July, El-Jem International Music Festival, [orchestral], El-Jem's ancient colosseum.
early July, Tabarka Jazz Festival, Tabarka.
July, Festival of Malouf [trad music], Testour.
July-Aug, Dougga Festival of classical drama, Dougga.
July-Aug, Carthage International Festival [music and dance], in Carthage's ancient sites, Tunis.
early Nov, Sahara Festival, Douz, camel racing and other colourful desert events.
Nov, end of Ramadan [Eid el Fitr], much feasting and celebration nationwide.

Money advice:
No big problems here though Tunisian dinars are not supposed to be available/taken out of the country.
Travellers cheques are commonly accepted, as are credit cards, but carry some local currency too - theft is rare.

Tipping Guide:
Locals don't tip much, and it's not obligatory, but, as usual, waiters in tourist establishments and taxi drivers have learnt to expect a 10% tip.

Cuisine Guide:
Tunisian food is good, healthy, good value, varied and often extremely spicy.

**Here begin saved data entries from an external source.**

text \<open>Evaluate the bound at \<open>w = r \<zeta>\<close>, where the unimodular \<open>\<zeta>\<close> makes \<open>\<zeta> (b - p cnj a)\<close> real and
  nonnegative, and let \<open>r \<rightarrow> 1\<close>.\<close>
lemma moebius_bound_imp_cond5:
  assumes bound: "\<forall>w\<in>ball 0 1. b * w \<noteq> 1 \<and> cmod (p * w - a) \<le> cmod (b * w - 1)"
  shows "(cmod a)^2 - (cmod b)^2 + (cmod p)^2 + 2 * cmod (b - cnj a * p) \<le> 1 \<and> cmod b \<le> 1"
proof -
  define d where "d = b - p * cnj a"
  define \<zeta> where "\<zeta> = (if d = 0 then 1 else cnj d / of_real (cmod d))"
  have "\<zeta> * d = of_real (cmod d)"
  proof (cases "d = 0")
    case False
    have "cnj d * d = of_real (cmod d) * of_real (cmod d)"
      by (simp add: mult.commute of_real_cmod_power2[symmetric] power2_eq_square)
    then show ?thesis using False unfolding \<zeta>_def by simp
  qed (simp add: \<zeta>_def)
  moreover have "cmod \<zeta> = 1" unfolding \<zeta>_def by (simp add: norm_divide)
  ultimately have \<zeta>: "cmod \<zeta> = 1" "\<zeta> * d = of_real (cmod d)" by simp_all
  have "0 \<le> (1 - (cmod a)^2) + (- 2 * cmod d) * r + ((cmod b)^2 - (cmod p)^2) * r^2"
    if r: "0 \<le> r" "r < 1" for r :: real
  proof -
    define w where "w = of_real r * \<zeta>"
    have wd: "w * d = of_real (r * cmod d)" unfolding w_def using \<zeta>(2) by (simp add: mult.assoc)
    have w: "cmod w = r" "Re (w * d) = r * cmod d"
      using r \<zeta> by (simp add: w_def norm_mult) (simp add: wd)
    have "(cmod (p * w - a))^2 \<le> (cmod (b * w - 1))^2"
      using bound w r by (intro power_mono) auto
    moreover have "(cmod (b * w - 1))^2 - (cmod (p * w - a))^2
        = ((cmod b)^2 - (cmod p)^2) * (cmod w)^2 + 1 - (cmod a)^2 - 2 * Re (w * d)"
    proof -
      have "complex_of_real ((cmod (b * w - 1))^2 - (cmod (p * w - a))^2)
          = complex_of_real (((cmod b)^2 - (cmod p)^2) * (cmod w)^2 + 1 - (cmod a)^2) - ((w * d) + cnj (w * d))"
        unfolding d_def complex_poly_expand by (simp add: algebra_simps)
      also have "\<dots> = complex_of_real (((cmod b)^2 - (cmod p)^2) * (cmod w)^2 + 1 - (cmod a)^2 - 2 * Re (w * d))"
        unfolding complex_add_cnj by simp
      finally show ?thesis by (simp only: of_real_eq_iff)
    qed
    moreover have "(- 2 * cmod d) * r = - 2 * (r * cmod d)" by simp
    ultimately show ?thesis unfolding w by linarith
  qed
  then have "0 \<le> (1 - (cmod a)^2) + (- 2 * cmod d) + ((cmod b)^2 - (cmod p)^2)"
    by (rule quadratic_nonneg_at_1)
  moreover have "cmod (b - cnj a * p) = cmod d" unfolding d_def by (simp add: mult.commute)
  moreover have "cmod b \<le> 1" using bound ball_mult_ne_1_iff by blast
  ultimately show ?thesis by linarith
qed

lemma real_sum_diff_bounds:
  fixes r s t Y :: real
  assumes nonneg: "0 \<le> r" "0 \<le> s" "0 \<le> t"
    and Y: "r * t - s \<le> Y" "s - r * t \<le> Y"
    and cond5: "r^2 - s^2 + t^2 + 2 * Y \<le> 1" and s: "s \<le> 1"
  shows "r + t \<le> 1 + s" and "\<bar>r - t\<bar> \<le> 1 - s"
proof -
  have "(r + t)^2 \<le> (1 + s)^2"
    using cond5 Y by (simp add: power2_eq_square algebra_simps)
  then show "r + t \<le> 1 + s" using nonneg power2_le_imp_le[of "r + t" "1 + s"] by simp
  have "(r - t)^2 \<le> (1 - s)^2"
    using cond5 Y by (simp add: power2_eq_square algebra_simps)
  then show "\<bar>r - t\<bar> \<le> 1 - s" using s by (metis abs_le_square_iff abs_of_nonneg diff_ge_0_iff_ge)
qed

text \<open>Applied with \<open>X, Y\<close> the defects \<open>\<bar>a - cnj b p\<bar>, \<bar>b - cnj a p\<bar>\<close>, \<open>s = \<bar>b\<bar>\<close> and \<open>t = \<bar>p\<bar>\<close>;
  the last hypothesis, from \<open>norm_defect_triangle\<close>, is what rules out \<open>Y > 1 - t\<^sup>2\<close>.\<close>
lemma cond5_real_defect_bound:
  fixes s t X Y :: real
  assumes nonneg: "0 \<le> t" "0 \<le> X" and t: "t < 1" and s: "s \<le> 1"
    and X: "X^2 \<le> (1 - t^2 - Y)^2" and identity: "Y - t * X \<le> s * (1 - t^2)"
  shows "X + Y \<le> 1 - t^2"
proof -
  have t2: "0 < 1 - t^2" using nonneg t by (simp add: abs_square_less_1)
  have "\<bar>X\<bar> \<le> \<bar>1 - t^2 - Y\<bar>" using X by (simp only: abs_le_square_iff)
  then have X_abs: "X \<le> \<bar>1 - t^2 - Y\<bar>" using nonneg by simp
  have "Y \<le> 1 - t^2"
  proof (rule ccontr)
    assume "\<not> ?thesis"
    then have Y: "Y > 1 - t^2" by simp
    then have "t * X \<le> t * (Y - (1 - t^2))" using X_abs nonneg by (intro mult_left_mono) auto
    moreover have "(1 - t^2) * (1 - t) < Y * (1 - t)" using Y t by (intro mult_strict_right_mono) auto
    ultimately have "(1 - t^2) * 1 < s * (1 - t^2)" using identity by (simp add: algebra_simps power2_eq_square)
    then show False using s t2 by (simp add: mult_less_cancel_right2)
  qed
  then show ?thesis using X_abs by simp
qed

lemma norm_defect_diff_power2:
  "(cmod (a - cnj b * p))^2 - (cmod (b - cnj a * p))^2 = ((cmod a)^2 - (cmod b)^2) * (1 - (cmod p)^2)"
proof -
  have "complex_of_real ((cmod (a - cnj b * p))^2 - (cmod (b - cnj a * p))^2)
      = complex_of_real (((cmod a)^2 - (cmod b)^2) * (1 - (cmod p)^2))"
    unfolding complex_poly_expand by (simp add: algebra_simps)
  then show ?thesis by (simp only: of_real_eq_iff)
qed

lemma norm_defect_triangle:
  assumes "cmod p \<le> 1"
  shows "cmod (b - cnj a * p) - cmod p * cmod (a - cnj b * p) \<le> cmod b * (1 - (cmod p)^2)"
proof -
  have "0 \<le> 1 - (cmod p)^2" using assms by (simp add: abs_square_le_1)
  then have "cmod b * (1 - (cmod p)^2) = cmod (b * of_real (1 - (cmod p)^2))"
    by (simp only: norm_mult norm_of_real abs_of_nonneg)
  also have "\<dots> = cmod ((b - cnj a * p) + cnj (a - cnj b * p) * p)"
    by (simp only: tetrablock_defect_identity[of b p a])
  also have "\<dots> \<ge> cmod (b - cnj a * p) - cmod p * cmod (a - cnj b * p)"
    using norm_diff_ineq[of "b - cnj a * p" "cnj (a - cnj b * p) * p"]
    by (simp only: norm_mult complex_mod_cnj mult.commute)
  finally show ?thesis .
qed

lemma cond5_imp_closed_tetrablock:
  assumes cond5: "(cmod a)^2 - (cmod b)^2 + (cmod p)^2 + 2 * cmod (b - cnj a * p) \<le> 1"
    and b: "cmod b \<le> 1"
  shows "closed_tetrablock a b p"
proof -
  define r s t X Y where "r = cmod a" and "s = cmod b" and "t = cmod p"
    and "X = cmod (a - cnj b * p)" and "Y = cmod (b - cnj a * p)"
  note defs = r_def s_def t_def X_def Y_def
  have nonneg: "0 \<le> r" "0 \<le> s" "0 \<le> t" "0 \<le> X" "0 \<le> Y" unfolding defs by auto
  have "r * t - s \<le> Y" "s - r * t \<le> Y"
    using norm_triangle_ineq2[of "cnj a * p" b] norm_triangle_ineq2[of b "cnj a * p"]
    unfolding defs by (simp_all add: norm_mult norm_minus_commute)
  note bounds = real_sum_diff_bounds[OF nonneg(1-3) this cond5[folded defs] b[folded defs]]
  have XY: "X^2 - Y^2 = (r^2 - s^2) * (1 - t^2)" unfolding defs by (rule norm_defect_diff_power2)
  have "X + Y \<le> 1 - t^2"
  proof (cases "t < 1")
    case True
    have "(r^2 - s^2) * (1 - t^2) \<le> (1 - t^2 - 2 * Y) * (1 - t^2)"
      using cond5[folded defs] True nonneg by (intro mult_right_mono) (auto simp: abs_square_le_1)
    then have "X^2 \<le> (1 - t^2 - Y)^2" using XY by (simp add: power2_eq_square algebra_simps)
    moreover have "Y - t * X \<le> s * (1 - t^2)"
      using norm_defect_triangle[of p b a] True unfolding defs by simp
    ultimately show ?thesis using cond5_real_defect_bound nonneg True b unfolding s_def by blast
  next
    case False
    then have "t = 1" "r = s" using bounds by auto
    then have "Y = 0" using cond5[folded defs] nonneg by simp
    then have "X = 0" using XY \<open>t = 1\<close> nonneg by simp
    then show ?thesis using \<open>Y = 0\<close> \<open>t = 1\<close> by simp
  qed
  moreover have "t \<le> 1" "r \<le> 1" using bounds by auto
  ultimately show ?thesis unfolding closed_tetrablock_def using b unfolding defs by simp
qed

Bread [especially in baguette form] and couscous [semolina] are staples, while salads, soups and fruit are popular
. Most main courses, however, contain some kind of meat [particularly turkey or lamb] or seafood [expensive].

Shopping information:
Like other north African cousins, carpets, copper, brass and gold jewellery are the main offerings here, though good quality doesn't come cheap.
Market vendors can be extremely pushy and difficult, using tricks such as...'You have see festival near here?' - then taking you to see a woman weaving a carpet inside a shop.
It's important to develop an aura of untouchability when cruising the medina, with an assured, uncontestable 'Non, merci!' being your first line of defence.

Hint:
Brush up on a few useful French phrases - Bonjour, bonsoir and merci at the very least, with the occasional inshallah [God willing]!